La metamorfosi dall’economia pianificata a quella di mercato
è sostanzialmente compiuta, l’immenso corpo legislativo
comunitario che regola il mercato unico (ottantamila pagine di norme
e di standard da rispettare) dai vari ordinamenti nazionali è
stato metabolizzato. Anche un buon livello d’interdipendenza
con l’Occidente, sul filo della riconversione dei flussi commerciali
e di un massiccio afflusso di investimenti, è già
conquistato. Gli ex “fratelli separati dell’Est”
sono pervenuti alla meta della piena integrazione portando in dote
tassi di crescita economica doppi rispetto a quelli dell’Unione
a Quindici, vale a dire un serbatoio di dinamismo prezioso per un’Europa
che invece continua a trascinarsi al traino degli altri grandi poli
di sviluppo globali, come hanno confermato, una volta di più,
gli ultimi dati del Fondo monetario internazionale.
Allora l’allargamento sembra rappresentare la terra promessa,
dal momento che dovrà portare una provvidenziale iniezione
di energia e di “giovinezza” alla vecchia Europa, che
invece più di tanto – diversamente da quel che si è
fatto ad Est, dove si sono letteralmente bruciate le tappe –
non riesce ad accelerare il passo della modernizzazione del proprio
modello di società e di sviluppo.

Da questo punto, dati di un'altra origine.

(* Let $\Gamma$ be a negative-definite plumbing forest, $v$ a vertex with framing $-p<0$, and assume $\Gamma_{+1}$ is negative-definite. Then the sequence \[\mathbb{H}(\Gamma-v)\xrightarrow{\ \mathbb{A}\ }\mathbb{H}(\Gamma)\xrightarrow{\ \mathbb{B}\ }\mathbb{H}(\Gamma_{+1})\longrightarrow 0\] is exact.
   Context: A plumbing forest is a finite forest with integer vertex framings $m(v)$; its lattice is $\mathbb{Z}^{\text{vertices}}$ with pairing $(v,v)=m(v)$, $(v,w)=-1$ if $v,w$ adjacent, $0$ otherwise; negative-definite means this form is. $\mathrm{Char}(\Gamma)$: homomorphisms $k$ from the lattice to $\mathbb{Z}$ with $\langle k,x\rangle\equiv(x,x)\bmod 2$ for all $x$; $v^*=(v,-)$, $v^2=(v,v)$. Lattice homology $\mathbb{H}(\Gamma)$: the complex vector space with basis $\{1\otimes k:k\in\mathrm{Char}(\Gamma)\}$ modulo the relations (I) $1\otimes k\sim0$ if $|\langle k,u\rangle|>-u^2$ for some vertex $u$; (II) $1\otimes k\sim(-1)^{u^2}\otimes(k\mp2u^* )$ if $\langle k,u\rangle=\pm u^2$ for some vertex $u$. $\Gamma-v$ is $\Gamma$ with $v$ deleted; $\Gamma_{+1}$ is $\Gamma$ with the framing of $v$ changed to $-p+1$. For $k\in\mathrm{Char}(\Gamma-v)$ and $i\equiv p\bmod 2$, $k'_i\in\mathrm{Char}(\Gamma)$ agrees with $k$ on $w\ne v$ and takes value $i$ on $v$; $\mathbb{A}(k)=\sum_{i\equiv p\bmod 2,\ |i|\le p}1\otimes k'_i$ (the terms with $|i|>p$ vanish in $\mathbb{H}(\Gamma)$). For $k\in\mathrm{Char}(\Gamma)$, $k^{\pm}\in\mathrm{Char}(\Gamma_{+1})$ agree with $k$ on $w\ne v$ and $\langle k^\pm,v\rangle=\langle k,v\rangle\pm1$; $\mathbb{B}(k)=(-1/2)\otimes k^++(1/2)\otimes k^-$. These induce well-defined linear maps on lattice homology. *)

theory Defs
  imports Complex_Main
begin

text \<open>A plumbing graph is given by a vertex set V, an adjacency relation E and
integer framings m.  Lattice elements and homomorphisms lattice -> Z are
represented by their values on the vertices (functions 'a => int).\<close>

definition is_cycle :: "('a \<Rightarrow> 'a \<Rightarrow> bool) \<Rightarrow> 'a list \<Rightarrow> bool" where
  "is_cycle E cs \<longleftrightarrow> length cs \<ge> 3 \<and> distinct cs \<and>
     (\<forall>i. Suc i < length cs \<longrightarrow> E (cs ! i) (cs ! Suc i)) \<and> E (last cs) (hd cs)"

definition plumbing_forest :: "'a set \<Rightarrow> ('a \<Rightarrow> 'a \<Rightarrow> bool) \<Rightarrow> ('a \<Rightarrow> int) \<Rightarrow> bool" where
  "plumbing_forest V E m \<longleftrightarrow> finite V \<and>
     (\<forall>u w. E u w \<longrightarrow> u \<in> V \<and> w \<in> V) \<and>
     (\<forall>u w. E u w \<longrightarrow> E w u) \<and> (\<forall>u. \<not> E u u) \<and>
     (\<forall>cs. \<not> is_cycle E cs)"

definition Qf :: "('a \<Rightarrow> 'a \<Rightarrow> bool) \<Rightarrow> ('a \<Rightarrow> int) \<Rightarrow> 'a \<Rightarrow> 'a \<Rightarrow> int" where
  "Qf E m u w = (if u = w then m u else if E u w then -1 else 0)"

definition pairing :: "'a set \<Rightarrow> ('a \<Rightarrow> 'a \<Rightarrow> bool) \<Rightarrow> ('a \<Rightarrow> int) \<Rightarrow> ('a \<Rightarrow> int) \<Rightarrow> ('a \<Rightarrow> int) \<Rightarrow> int" where
  "pairing V E m x y = (\<Sum>u\<in>V. \<Sum>w\<in>V. x u * y w * Qf E m u w)"

definition neg_definite :: "'a set \<Rightarrow> ('a \<Rightarrow> 'a \<Rightarrow> bool) \<Rightarrow> ('a \<Rightarrow> int) \<Rightarrow> bool" where
  "neg_definite V E m \<longleftrightarrow> (\<forall>x. (\<exists>u\<in>V. x u \<noteq> 0) \<longrightarrow> pairing V E m x x < 0)"

definition evalk :: "'a set \<Rightarrow> ('a \<Rightarrow> int) \<Rightarrow> ('a \<Rightarrow> int) \<Rightarrow> int" where
  "evalk V k x = (\<Sum>u\<in>V. k u * x u)"

definition Char :: "'a set \<Rightarrow> ('a \<Rightarrow> 'a \<Rightarrow> bool) \<Rightarrow> ('a \<Rightarrow> int) \<Rightarrow> ('a \<Rightarrow> int) set" where
  "Char V E m = {k. (\<forall>u. u \<notin> V \<longrightarrow> k u = 0) \<and>
                    (\<forall>x. even (evalk V k x - pairing V E m x x))}"

definition dual :: "'a set \<Rightarrow> ('a \<Rightarrow> 'a \<Rightarrow> bool) \<Rightarrow> ('a \<Rightarrow> int) \<Rightarrow> 'a \<Rightarrow> ('a \<Rightarrow> int)" where
  "dual V E m u = (\<lambda>w. if w \<in> V then Qf E m u w else 0)"

definition delta :: "'b \<Rightarrow> ('b \<Rightarrow> complex)" where
  "delta k = (\<lambda>j. if j = k then 1 else 0)"

definition free_space :: "'a set \<Rightarrow> ('a \<Rightarrow> 'a \<Rightarrow> bool) \<Rightarrow> ('a \<Rightarrow> int) \<Rightarrow> (('a \<Rightarrow> int) \<Rightarrow> complex) set" where
  "free_space V E m = {f. finite {k. f k \<noteq> 0} \<and> {k. f k \<noteq> 0} \<subseteq> Char V E m}"

definition cspan :: "('b \<Rightarrow> complex) set \<Rightarrow> ('b \<Rightarrow> complex) set" where
  "cspan S = {f. \<exists>G c. finite G \<and> G \<subseteq> S \<and> f = (\<lambda>j. \<Sum>g\<in>G. c g * g j)}"

text \<open>Generators of the relations (I) and (II) defining lattice homology.\<close>
definition relgens :: "'a set \<Rightarrow> ('a \<Rightarrow> 'a \<Rightarrow> bool) \<Rightarrow> ('a \<Rightarrow> int) \<Rightarrow> (('a \<Rightarrow> int) \<Rightarrow> complex) set" where
  "relgens V E m =
     {delta k | k. k \<in> Char V E m \<and> (\<exists>u\<in>V. \<bar>k u\<bar> > - m u)}
   \<union> {(\<lambda>j. delta k j - (-1::complex) ^ nat \<bar>m u\<bar> * delta (\<lambda>w. k w - 2 * dual V E m u w) j)
       | k u. k \<in> Char V E m \<and> u \<in> V \<and> k u = m u}
   \<union> {(\<lambda>j. delta k j - (-1::complex) ^ nat \<bar>m u\<bar> * delta (\<lambda>w. k w + 2 * dual V E m u w) j)
       | k u. k \<in> Char V E m \<and> u \<in> V \<and> k u = - m u}"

E dovrà portare
nuovi mercati e nuove opportunità di recupero della competitività
globale per l’industria del Vecchio Continente.

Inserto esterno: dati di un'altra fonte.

lemma abel_sum_qder_diff_prod: "abel_sum (qder R_inv (\<lambda>w. w) (diff_prod s t m j)) H = 0"
  by (induction m arbitrary: j H) (simp_all add: abel_sum_qder_elem_mult abel_sum_qder_diff_letters)

lemma qder_diff_prod_R_inv: "abel_eq (qder R_inv AIO (diff_prod s t m j)) []"
  by (simp add: abel_eq_def abel_sum_qder_AIO abel_sum_qder_diff_prod)

lemma elem_up_diff_prod: "elem_up (diff_prod s t m j) = diff_prod s t m (Suc j)"
  by (induction m arbitrary: j)
    (simp_all del: elem_mult_Cons add: elem_up_elem_mult diff_letters_def up_word_def up_letter_def)

lemma diff_prod_Suc_right:
  "abel_eq (diff_prod s t (Suc m) j)
     (elem_mult (diff_prod s t m j) (diff_letters s t (j + m)) :: 'k::idom elem)"
proof (induction m arbitrary: j)
  case 0
  show ?case
    by (simp add: abel_eq_def abel_sum_elem_mult diff_letters_def)
next
  case (Suc m)
  have "abel_eq (diff_prod s t (Suc (Suc m)) j :: 'k elem)
      (elem_mult (diff_letters s t j) (elem_mult (diff_prod s t m (Suc j)) (diff_letters s t (Suc j + m))))"
    unfolding diff_prod.simps(2) [of s t "Suc m"] by (rule abel_eq_elem_mult_cong [OF abel_eq_refl Suc.IH])
  also have "abel_eq \<dots> (elem_mult (elem_mult (diff_letters s t j) (diff_prod s t m (Suc j)))
      (diff_letters s t (j + Suc m)))"
    using abel_eq_sym [OF abel_eq_elem_mult_assoc] by simp
  finally show ?case
    by simp
qed

lemma aio_key_bounds: "2 * k \<le> aio_key (s, k, b) \<and> aio_key (s, k, b) < 2 * Suc k"
  by (cases s) (simp_all add: aio_key_def)

lemma diff_prod_keys:
  "(c, w) \<in> set (diff_prod s t m j :: 'k::comm_ring_1 elem)
     \<Longrightarrow> sorted (map aio_key w) \<and> (\<forall>l\<in>set w. 2 * j \<le> aio_key l \<and> aio_key l < 2 * (j + m))"
proof (induction m arbitrary: j c w)
  case (Suc m)
  then have "(c, w) \<in> set (elem_mult (diff_letters s t j) (diff_prod s t m (Suc j)))"
    by simp
  then obtain c1 w1 c2 w2 where w1: "(c1, w1) \<in> set (diff_letters s t j :: 'k elem)"
      and w2: "(c2, w2) \<in> set (diff_prod s t m (Suc j) :: 'k elem)" and w: "w = w1 @ w2"
    using set_elem_mult by blast
  from w1 have "w1 = [(s, j, True)] \<or> w1 = [(t, j, True)]"
    by (auto simp: diff_letters_def)
  then have "sorted (map aio_key w1)" "\<forall>l\<in>set w1. 2 * j \<le> aio_key l \<and> aio_key l < 2 * Suc j"
    using aio_key_bounds by auto
  moreover have "sorted (map aio_key w2)" "\<forall>l\<in>set w2. 2 * Suc j \<le> aio_key l \<and> aio_key l < 2 * (Suc j + m)"
    using Suc.IH [OF w2] by auto
  ultimately show ?case
    unfolding w by (fastforce simp: sorted_append)
qed simp

definition inv_x_deriv :: "nat \<Rightarrow> nat \<Rightarrow> 'k::comm_ring_1 elem" where
  "inv_x_deriv i m =
     elem_mult [((-1) ^ Suc m * monom 1 (i * Suc m), [(VX, i, False), (VY, i, True)])]
       (diff_prod VY VX m (Suc i))"

definition inv_y_deriv :: "nat \<Rightarrow> nat \<Rightarrow> 'k::comm_ring_1 elem" where
  "inv_y_deriv i m =
     elem_mult (diff_prod VX VY m (Suc i))
       [((-1) ^ Suc m * monom 1 (i * Suc m + (Suc m choose 2)),
         [(VX, Suc i + m, True), (VY, Suc i + m, False)])]"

Vien voglia di credere che possa essere proprio così, anche
se la realtà, almeno quella delle cifre, è un’altra.
I Dieci (Polonia, Ungheria, Repubblica Ceca, Slovacchia, Slovenia,
Lettonia, Lituania, Estonia, Malta e metà Cipro) hanno sommato
all’Unione una popolazione di poco inferiore (75 milioni di
abitanti, complessivamente) a quella della sola Germania, ma con
un Prodotto interno lordo (pari al 5 per cento di quello dell’Unione
europea) analogo a quello dell’Olanda. E con un reddito pro-capite
che è pari a un terzo rispetto a quello medio comunitario.
Oltre tutto, con salari che, sempre in media, sono uguali a un quarto
rispetto a quelli europei, ma che sono destinati a salire a mano
a mano che l’integrazione tra le antiche e le nuove aree si
approfondirà anche sul fronte del rispetto dei comuni standard
socio-ambientali. Con questi numeri e con queste prospettive, più
di tanto la linfa dell’Est non sarà in grado di fare,
per carburare la crescita della Grande Unione.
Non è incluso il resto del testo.